In the listing below, find the line with "B \<longleftrightarrow> st_instance" and the line with "w = zip w (tl". Repeat those two lines and all lines between them exactly.
[GIVEN ENTRIES — start]
(* Let $(D,F,B)$ with $D=(\mathcal V,\mathcal A)$ be a restricted instance (i.e. $\mathcal B\subseteq\mathcal F$) with $\mathcal F\neq\emptyset$, and let $\mathrm{TC}(D)=(\mathcal V,\mathcal A')$ be the transitive closure of $D$, equipped with the same functions $F$ and $B$. Then $(D,F,B)$ admits a positive answer to the All-ST problem if and only if $(\mathrm{TC}(D),F,B)$ admits a tree-like solution to the All-ST problem such that the underlying graph of the union of its walks has at most $2|\mathcal F|-1$ vertices.
   Context: A snow team instance is a digraph $D=(\mathcal V,\mathcal A)$ of order $n$ whose underlying simple undirected graph is connected, together with functions $F:\mathcal V\to\{0,1\}$ and $B:\mathcal V\to\mathbb N$. Vertices of $\mathcal F=F^{-1}(1)$ are called facilities (terminals), vertices of $\mathcal B=B^{-1}(\mathbb N^+)$ are called snow team bases, and $\mathbf k_B=\sum_{v\in\mathcal V}B(v)$. The Snow Team problem (ST) asks: do there exist $\mathbf k_B$ directed walks in $D$, exactly $B(v)$ of which start at each vertex $v\in\mathcal V$, such that, letting $H$ be the subgraph of $D$ consisting of the vertices and arcs of these walks, all vertices of $\mathcal F$ lie in one connected component of the underlying undirected graph of $H$? Such a family of walks is called a solution. The All-ST problem is the ST problem restricted to instances satisfying $\mathcal B\subseteq\mathcal F$ (called restricted instances). The transitive closure $\mathrm{TC}(D)$ has vertex set $\mathcal V$ and an arc $(u,v)$, $u\ne v$, whenever $D$ contains a directed path from $u$ to $v$. A solution $\mathcal W$ is tree-like if its walks are strongly arc-distinct (no arc is traversed by two walks or twice by one walk, and no two walks, or one walk, traverse both an arc $(u,v)$ and its reverse $(v,u)$), and the underlying undirected graph of the union of the walks is acyclic and contains a Steiner tree for $\mathcal F$ (a subtree containing all vertices of $\mathcal F$). *)

theory Defs
  imports Main
begin

definition underlying_edges :: "('a \<times> 'a) set \<Rightarrow> 'a set set" where
  "underlying_edges A = {{u, v} | u v. (u, v) \<in> A \<and> u \<noteq> v}"

definition ug_adj :: "'a set set \<Rightarrow> ('a \<times> 'a) set" where
  "ug_adj E = {(x, y). {x, y} \<in> E}"

definition ug_connected :: "'a set \<Rightarrow> 'a set set \<Rightarrow> bool" where
  "ug_connected Vs E \<longleftrightarrow> (\<forall>u\<in>Vs. \<forall>v\<in>Vs. (u, v) \<in> (ug_adj E)\<^sup>*)"

definition ug_cycle :: "'a set set \<Rightarrow> 'a list \<Rightarrow> bool" where
  "ug_cycle E cs \<longleftrightarrow> length cs \<ge> 3 \<and> distinct cs \<and>
     (\<forall>i<length cs. {cs ! i, cs ! ((i + 1) mod length cs)} \<in> E)"

definition ug_acyclic :: "'a set set \<Rightarrow> bool" where
  "ug_acyclic E \<longleftrightarrow> \<not> (\<exists>cs. ug_cycle E cs)"

text \<open>Snow team instance (D = (V, A), F, B); facilities given as the set F = F^{-1}(1).\<close>
definition st_instance :: "'a set \<Rightarrow> ('a \<times> 'a) set \<Rightarrow> 'a set \<Rightarrow> ('a \<Rightarrow> nat) \<Rightarrow> bool" where
  "st_instance V A F B \<longleftrightarrow> finite V \<and> A \<subseteq> V \<times> V \<and>
     ug_connected V (underlying_edges A) \<and> F \<subseteq> V \<and> (\<forall>v. v \<notin> V \<longrightarrow> B v = 0)"

definition restricted_instance :: "'a set \<Rightarrow> ('a \<times> 'a) set \<Rightarrow> 'a set \<Rightarrow> ('a \<Rightarrow> nat) \<Rightarrow> bool" where
  "restricted_instance V A F B \<longleftrightarrow> st_instance V A F B \<and> {v. B v > 0} \<subseteq> F"

definition transitive_closure_arcs :: "('a \<times> 'a) set \<Rightarrow> ('a \<times> 'a) set" where
  "transitive_closure_arcs A = {(u, v). u \<noteq> v \<and> (u, v) \<in> A\<^sup>+}"

definition is_walk :: "'a set \<Rightarrow> ('a \<times> 'a) set \<Rightarrow> 'a list \<Rightarrow> bool" where
  "is_walk V A w \<longleftrightarrow> w \<noteq> [] \<and> set w \<subseteq> V \<and>
     (\<forall>i. Suc i < length w \<longrightarrow> (w ! i, w ! Suc i) \<in> A)"

definition walk_arcs :: "'a list \<Rightarrow> ('a \<times> 'a) list" where
  "walk_arcs w = zip w (tl w)"

definition kB :: "'a set \<Rightarrow> ('a \<Rightarrow> nat) \<Rightarrow> nat" where
  "kB V B = sum B V"

definition fam_verts :: "nat \<Rightarrow> (nat \<Rightarrow> 'a list) \<Rightarrow> 'a set" where
  "fam_verts k W = (\<Union>i<k. set (W i))"

definition fam_arcs :: "nat \<Rightarrow> (nat \<Rightarrow> 'a list) \<Rightarrow> ('a \<times> 'a) set" where
  "fam_arcs k W = (\<Union>i<k. set (walk_arcs (W i)))"

definition st_solution :: "'a set \<Rightarrow> ('a \<times> 'a) set \<Rightarrow> 'a set \<Rightarrow> ('a \<Rightarrow> nat) \<Rightarrow> (nat \<Rightarrow> 'a list) \<Rightarrow> bool" where
  "st_solution V A F B W \<longleftrightarrow>
     (\<forall>i<kB V B. is_walk V A (W i)) \<and>
     (\<forall>v\<in>V. card {i. i < kB V B \<and> hd (W i) = v} = B v) \<and>
     F \<subseteq> fam_verts (kB V B) W \<and>
     (\<forall>f\<in>F. \<forall>g\<in>F. (f, g) \<in> (fam_arcs (kB V B) W \<union> (fam_arcs (kB V B) W)\<inverse>)\<^sup>*)"

definition strongly_arc_distinct :: "nat \<Rightarrow> (nat \<Rightarrow> 'a list) \<Rightarrow> bool" where
  "strongly_arc_distinct k W \<longleftrightarrow>
     (let L = concat (map (\<lambda>i. walk_arcs (W i)) [0..<k])
      in distinct L \<and> (\<forall>(u, v)\<in>set L. (v, u) \<notin> set L))"

definition tree_like_solution :: "'a set \<Rightarrow> ('a \<times> 'a) set \<Rightarrow> 'a set \<Rightarrow> ('a \<Rightarrow> nat) \<Rightarrow> (nat \<Rightarrow> 'a list) \<Rightarrow> bool" where
  "tree_like_solution V A F B W \<longleftrightarrow>
     st_solution V A F B W \<and>
     strongly_arc_distinct (kB V B) W \<and>
     ug_acyclic (underlying_edges (fam_arcs (kB V B) W)) \<and>
     (\<exists>Vt Et. Vt \<subseteq> fam_verts (kB V B) W \<and> Et \<subseteq> underlying_edges (fam_arcs (kB V B) W) \<and>
        (\<forall>e\<in>Et. e \<subseteq> Vt) \<and> ug_connected Vt Et \<and> ug_acyclic Et \<and> F \<subseteq> Vt)"

end

theory Submission
  imports Defs Complex_Main
begin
[GIVEN ENTRIES — finish]
• _EXERCISE SOLUTION_:
  "restricted_instance V A F B \<longleftrightarrow> st_instance V A F B \<and> {v. B v > 0} \<subseteq> F"

definition transitive_closure_arcs :: "('a \<times> 'a) set \<Rightarrow> ('a \<times> 'a) set" where
  "transitive_closure_arcs A = {(u, v). u \<noteq> v \<and> (u, v) \<in> A\<^sup>+}"

definition is_walk :: "'a set \<Rightarrow> ('a \<times> 'a) set \<Rightarrow> 'a list \<Rightarrow> bool" where
  "is_walk V A w \<longleftrightarrow> w \<noteq> [] \<and> set w \<subseteq> V \<and>
     (\<forall>i. Suc i < length w \<longrightarrow> (w ! i, w ! Suc i) \<in> A)"

definition walk_arcs :: "'a list \<Rightarrow> ('a \<times> 'a) list" where
  "walk_arcs w = zip w (tl w)"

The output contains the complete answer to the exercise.